1. Two Days, One Night
Country: Belgium/Italy/France
Director: Luc and Jean-Pierre Dardenne
Alternate Title: The Best Thing I Saw at TIFF
Every film is as personal to the viewer as it is the filmmaker, so the reason I’ve been going gaga over Two Days, One Night is because it seems like it was made specifically for me.
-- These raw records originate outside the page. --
lemma large_not_mem_bounded_locus:
  assumes "0 < e" "e < p" "norm c = (2 ^ (e+1)) ^ e"
  shows "c \<notin> bounded_locus p e"
proof
  assume "c \<in> bounded_locus p e"
  then obtain x K where x: "is_orbit p e c x" "x 0 = 0" and K: "\<And>n. norm (x n) \<le> K"
    unfolding bounded_locus_def bounded_iff by blast
  have "x 1 ^ e = x 0 ^ p + c" using x(1) unfolding is_orbit_def by (metis One_nat_def)
  then have "x 1 ^ e = c" using x(2) assms(2) by (simp add: zero_power)
  then have "norm (x 1) ^ e = norm c" by (metis norm_power)
  then have "norm (x 1) ^ e = (2 ^ (e+1)) ^ e" using assms(3) by (rule trans)
  then have x1: "norm (x 1) = 2 ^ (e+1)"
    by (rule power_eq_imp_eq_base) (simp_all add: assms(1))
  obtain n :: nat where "K < n" using reals_Archimedean2 by blast
  have "real n < 2 ^ n" by (rule of_nat_less_two_power)
  also have "\<dots> \<le> 2 ^ n * norm (x 1)" using x1 one_le_power[of "2::real" "e+1"] by simp
  also have "\<dots> \<le> norm (x (Suc n))"
    using orbit_escapes[OF assms(1,2) x(1)] x1 assms(3) by simp
  also have "\<dots> \<le> K" by (rule K)
  finally show False using \<open>K < n\<close> by simp
qed

subsection \<open>Holomorphic families of orbits\<close>

lemma holomorphic_nth_root_exists:
  assumes "0 < e" "convex S" "open S" "F holomorphic_on S" "\<And>c. c \<in> S \<Longrightarrow> F c \<noteq> 0"
    and "c0 \<in> S" "w ^ e = F c0"
  obtains g where "g holomorphic_on S" "\<And>c. c \<in> S \<Longrightarrow> g c ^ e = F c" "g c0 = w"
proof -
  obtain L where L: "L holomorphic_on S" "\<And>c. c \<in> S \<Longrightarrow> exp (L c) = F c"
    using holomorphic_logarithm_exists[OF assms(2-6)] by blast
  define g0 where "g0 c = exp (L c / of_nat e)" for c
  have g0: "g0 c ^ e = F c" if "c \<in> S" for c
    using L(2)[OF that] assms(1) unfolding g0_def by (simp flip: exp_of_nat_mult)
  define g where "g c = w / g0 c0 * g0 c" for c
  show ?thesis
  proof (rule that)
    show "g holomorphic_on S" unfolding g_def g0_def using L(1) by (intro holomorphic_intros) auto
    show "g c ^ e = F c" if "c \<in> S" for c
      using g0[OF that] g0[OF assms(6)] assms(5-7) unfolding g_def
      by (simp add: power_mult_distrib power_divide)
    show "g c0 = w" unfolding g_def g0_def by simp
  qed
qed

text \<open>
  Without returning parameters in \<open>S\<close> the values \<open>x\<^sub>n(c)\<^sup>p + c\<close> never vanish, so their \<open>e\<close>-th
  roots can be chosen holomorphically.
\<close>
lemma holomorphic_orbit_family:
  assumes "0 < e" "convex S" "open S" "c0 \<in> S"
    and no_return: "\<And>c. c \<in> S \<Longrightarrow> \<not> returns_to_zero p e c"
    and a: "is_orbit p e c0 a" "a 0 = 0"
  obtains X where "\<And>n. X n holomorphic_on S" "\<And>n. X n c0 = a n"
    "\<And>c. c \<in> S \<Longrightarrow> is_orbit p e c (\<lambda>n. X n c)" "\<And>c. c \<in> S \<Longrightarrow> X 0 c = 0"
proof -
  define P where "P n g \<longleftrightarrow> g holomorphic_on S \<and> g c0 = a n \<and>
      (\<forall>c\<in>S. reaches_from_zero p e c n (g c))" for n g
  have "\<exists>g'. P (Suc n) g' \<and> (\<forall>c\<in>S. g' c ^ e = g c ^ p + c)" if Pg: "P n g" for n g
  proof -
    have "(\<lambda>c. g c ^ p + c) holomorphic_on S"
      using Pg unfolding P_def by (auto intro!: holomorphic_intros)
    moreover have "g c ^ p + c \<noteq> 0" if "c \<in> S" for c
      using reaches_from_zero_power_add_nonzero[OF assms(1) no_return] Pg that
      unfolding P_def by blast
    moreover have "a (Suc n) ^ e = g c0 ^ p + c0"
      using a(1) Pg unfolding P_def is_orbit_def by simp
    ultimately obtain g' where g': "g' holomorphic_on S" "\<And>c. c \<in> S \<Longrightarrow> g' c ^ e = g c ^ p + c"
      "g' c0 = a (Suc n)"
      using holomorphic_nth_root_exists[OF assms(1-3) _ _ assms(4)] by blast
    then show ?thesis
      using Pg reaches_from_zero_Suc unfolding P_def by (intro exI[of _ g']) auto
  qed
  moreover have "P 0 (\<lambda>_. 0)" unfolding P_def using a(2) by simp
  ultimately obtain X where P: "\<And>n. P n (X n)"
    and X_Suc: "\<And>n c. c \<in> S \<Longrightarrow> X (Suc n) c ^ e = X n c ^ p + c"
    using dependent_nat_choice[of P "\<lambda>n g g'. \<forall>c\<in>S. g' c ^ e = g c ^ p + c"] by blast
  show ?thesis
  proof (rule that)
    show "X n holomorphic_on S" "X n c0 = a n" for n using P unfolding P_def by auto
    show "is_orbit p e c (\<lambda>n. X n c)" if "c \<in> S" for c
      using X_Suc that unfolding is_orbit_def by blast
    show "X 0 c = 0" if "c \<in> S" for c using P[of 0] that unfolding P_def by simp
  qed
qed

lemma Schottky_uniform_bound:
  fixes c0 c1 :: complex
  assumes "c1 \<in> ball c0 R"
  obtains B where "\<And>f. f holomorphic_on ball c0 R \<Longrightarrow>
      (\<And>z. z \<in> ball c0 R \<Longrightarrow> f z \<noteq> 0 \<and> f z \<noteq> 1) \<Longrightarrow> norm (f c0) \<le> r \<Longrightarrow> norm (f c1) \<le> B"
proof -
  obtain \<rho> where \<rho>: "dist c0 c1 < \<rho>" "\<rho> < R"
    using dense[of "dist c0 c1" R] assms by auto
  have \<rho>_pos: "0 < \<rho>" using \<rho>(1) zero_le_dist[of c0 c1] by linarith
  define \<phi> where "\<phi> z = c0 + of_real \<rho> * z" for z
  define z1 where "z1 = (c1 - c0) / of_real \<rho>"
  have "norm z1 < 1"
    using \<rho>(1) \<rho>_pos by (simp add: z1_def norm_divide dist_norm norm_minus_commute)
  then obtain t where "norm z1 < t" "t < 1" using dense by blast
  then have t: "0 < t" "t < 1" "norm z1 \<le> t" using norm_ge_zero[of z1] by linarith+
  have \<phi>z1: "\<phi> z1 = c1" using \<rho>_pos by (simp add: \<phi>_def z1_def)
  have \<phi>_ball: "\<phi> z \<in> ball c0 R" if "z \<in> cball 0 1" for z
  proof -
    have "dist c0 (\<phi> z) = \<rho> * norm z" using \<rho>_pos by (simp add: \<phi>_def dist_norm norm_mult)
    also have "\<dots> \<le> \<rho>" using that \<rho>_pos by (simp add: mult_left_le)
    also have "\<dots> < R" by (rule \<rho>(2))
    finally show ?thesis by simp
  qed
  show ?thesis
  proof (rule that)
    fix f assume hol: "f holomorphic_on ball c0 R"
      and omit: "\<And>z. z \<in> ball c0 R \<Longrightarrow> f z \<noteq> 0 \<and> f z \<noteq> 1" and f0: "norm (f c0) \<le> r"
    have "norm ((f \<circ> \<phi>) z1) \<le> exp (pi * exp (pi * (2 + 2 * r + 12 * t / (1 - t))))"
    proof (rule Schottky[OF _ _ _ t])
      show "(f \<circ> \<phi>) holomorphic_on cball 0 1"
        using hol \<phi>_ball unfolding \<phi>_def
        by (intro holomorphic_on_compose_gen[where t = "ball c0 R"] holomorphic_intros) auto
    qed (use f0 omit \<phi>_ball in \<open>auto simp: \<phi>_def\<close>)
    then show "norm (f c1) \<le> exp (pi * exp (pi * (2 + 2 * r + 12 * t / (1 - t))))"
      using \<phi>z1 by simp
  qed
qed

lemma not_returns_to_zero_orbit_quotient:
  assumes "0 < p" "0 < e" "\<not> returns_to_zero p e c" "is_orbit p e c x" "x 0 = 0"
  shows "- (x (Suc n) ^ p) / c \<noteq> 0" "- (x (Suc n) ^ p) / c \<noteq> 1"
proof -
  have "c \<noteq> 0" using assms(3) returns_to_zero_zero[OF assms(1,2)] by auto
  have "x (Suc (Suc n)) ^ e = x (Suc n) ^ p + c" using assms(4) unfolding is_orbit_def by blast
  then have "x (Suc n) ^ p + c \<noteq> 0"
    using not_returns_to_zero_orbit_nonzero[OF assms(3-5), of "Suc (Suc n)"] assms(2) by auto
  with \<open>c \<noteq> 0\<close> show "- (x (Suc n) ^ p) / c \<noteq> 1"
    by (auto simp: field_simps neg_eq_iff_add_eq_0)
  show "- (x (Suc n) ^ p) / c \<noteq> 0"
    using not_returns_to_zero_orbit_nonzero[OF assms(3-5), of "Suc n"] \<open>c \<noteq> 0\<close> by simp
qed

lemma power_le_imp_le_max_one:
  fixes x M :: real
  assumes "0 < p" "0 \<le> x" "x ^ p \<le> M"
  shows "x \<le> max 1 M"
proof (cases "x \<le> 1")
  case False
  then have "x \<le> x ^ p" using assms(1) by (intro self_le_power) auto
  then show ?thesis using assms(3) by simp
qed simp

text \<open>The boundary of the bounded locus lies in the closure of the returning parameters.\<close>
lemma ball_subset_bounded_locus:
  assumes "0 < e" "e < p" "c0 \<in> bounded_locus p e"
    and no_return: "\<And>c. c \<in> ball c0 R \<Longrightarrow> \<not> returns_to_zero p e c"
  shows "ball c0 R \<subseteq> bounded_locus p e"
proof
  fix c1 assume c1: "c1 \<in> ball c0 R"
  have nonzero: "c \<noteq> 0" if "c \<in> ball c0 R" for c
    using no_return[OF that] returns_to_zero_zero assms(1,2) by auto
  obtain a K where a: "is_orbit p e c0 a" "a 0 = 0" and K: "\<And>n. norm (a n) \<le> K"
    using assms(3) unfolding bounded_locus_def bounded_iff by blast
  have c0: "c0 \<in> ball c0 R" using c1 by (simp add: order_le_less_trans[OF zero_le_dist])
  obtain X where X: "\<And>n. X n holomorphic_on ball c0 R" "\<And>n. X n c0 = a n"
    "\<And>c. c \<in> ball c0 R \<Longrightarrow> is_orbit p e c (\<lambda>n. X n c)" "\<And>c. c \<in> ball c0 R \<Longrightarrow> X 0 c = 0"
    using holomorphic_orbit_family[OF assms(1) convex_ball open_ball c0 no_return a] by blast
  obtain B where B: "\<And>f. f holomorphic_on ball c0 R \<Longrightarrow>
      (\<And>z. z \<in> ball c0 R \<Longrightarrow> f z \<noteq> 0 \<and> f z \<noteq> 1) \<Longrightarrow> norm (f c0) \<le> K ^ p / norm c0 \<Longrightarrow>
      norm (f c1) \<le> B"
    using Schottky_uniform_bound[OF c1] by blast
  have "norm (X (Suc n) c1 ^ p / c1) \<le> B" for n
  proof -
    have "(\<lambda>c. - (X (Suc n) c ^ p) / c) holomorphic_on ball c0 R"
      using X(1) nonzero by (intro holomorphic_intros) auto
    moreover have "- (X (Suc n) c ^ p) / c \<noteq> 0 \<and> - (X (Suc n) c ^ p) / c \<noteq> 1"
      if "c \<in> ball c0 R" for c
      using not_returns_to_zero_orbit_quotient[of p e c "\<lambda>n. X n c" n]
        no_return[OF that] X(3,4)[OF that] assms(1,2) by simp
    moreover have "norm (- (X (Suc n) c0 ^ p) / c0) \<le> K ^ p / norm c0"
      using X(2) K by (simp add: norm_divide norm_power divide_right_mono power_mono)
    ultimately show ?thesis using B[of "\<lambda>c. - (X (Suc n) c ^ p) / c"] by (simp add: norm_divide)
  qed
  then have "norm (X (Suc n) c1) ^ p \<le> B * norm c1" for n
    using nonzero[OF c1] by (simp add: norm_divide norm_power divide_le_eq)
  then have "norm (X n c1) \<le> max 1 (B * norm c1)" for n
    using X(4)[OF c1] power_le_imp_le_max_one[of p] assms(2) by (cases n) auto
  then show "c1 \<in> bounded_locus p e"
    unfolding bounded_locus_def bounded_iff using X(3,4) c1 by blast
qed

subsection \<open>Returning parameters on every ray\<close>

lemma dist_of_real_mult_unit:
  fixes u :: complex
  assumes "norm u = 1"
  shows "dist (of_real x * u) (of_real y * u) = \<bar>x - y\<bar>"
proof -
  have "dist (of_real x * u) (of_real y * u) = norm (of_real (x - y) * u)"
    unfolding dist_norm by (simp add: algebra_simps)
  then show ?thesis using assms by (simp only: norm_mult norm_of_real) simp
qed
Many are focusing on what the Dardennes are trying to say socially with the film, but to me, Two Days, One Night is a standout for having the most realistic portrayal of depression I’ve ever seen on film. In a month where I’ve seen waaaaay too many Hollywood takes on mental illness, which overdramatize symptoms and offer cheap, comforting solutions, I was incredibly moved by how Cotillard and the Dardennes created a heroine like Sandra, who embodies all the ugliest elements of mental illness, but thanks to the help of those around her –sometimes through extraordinary acts of kindness, and sometimes through simple every day ones- fights her disease honestly. There's are no marquee messages about mental illness in Two Days, One Night, or uplifting montages of life improving by eliding over the hard work it takes to earn happiness. It’s just 60 hours in the life of one incredible woman as she faces down the fear that comes with having hope, and wanting something out of life.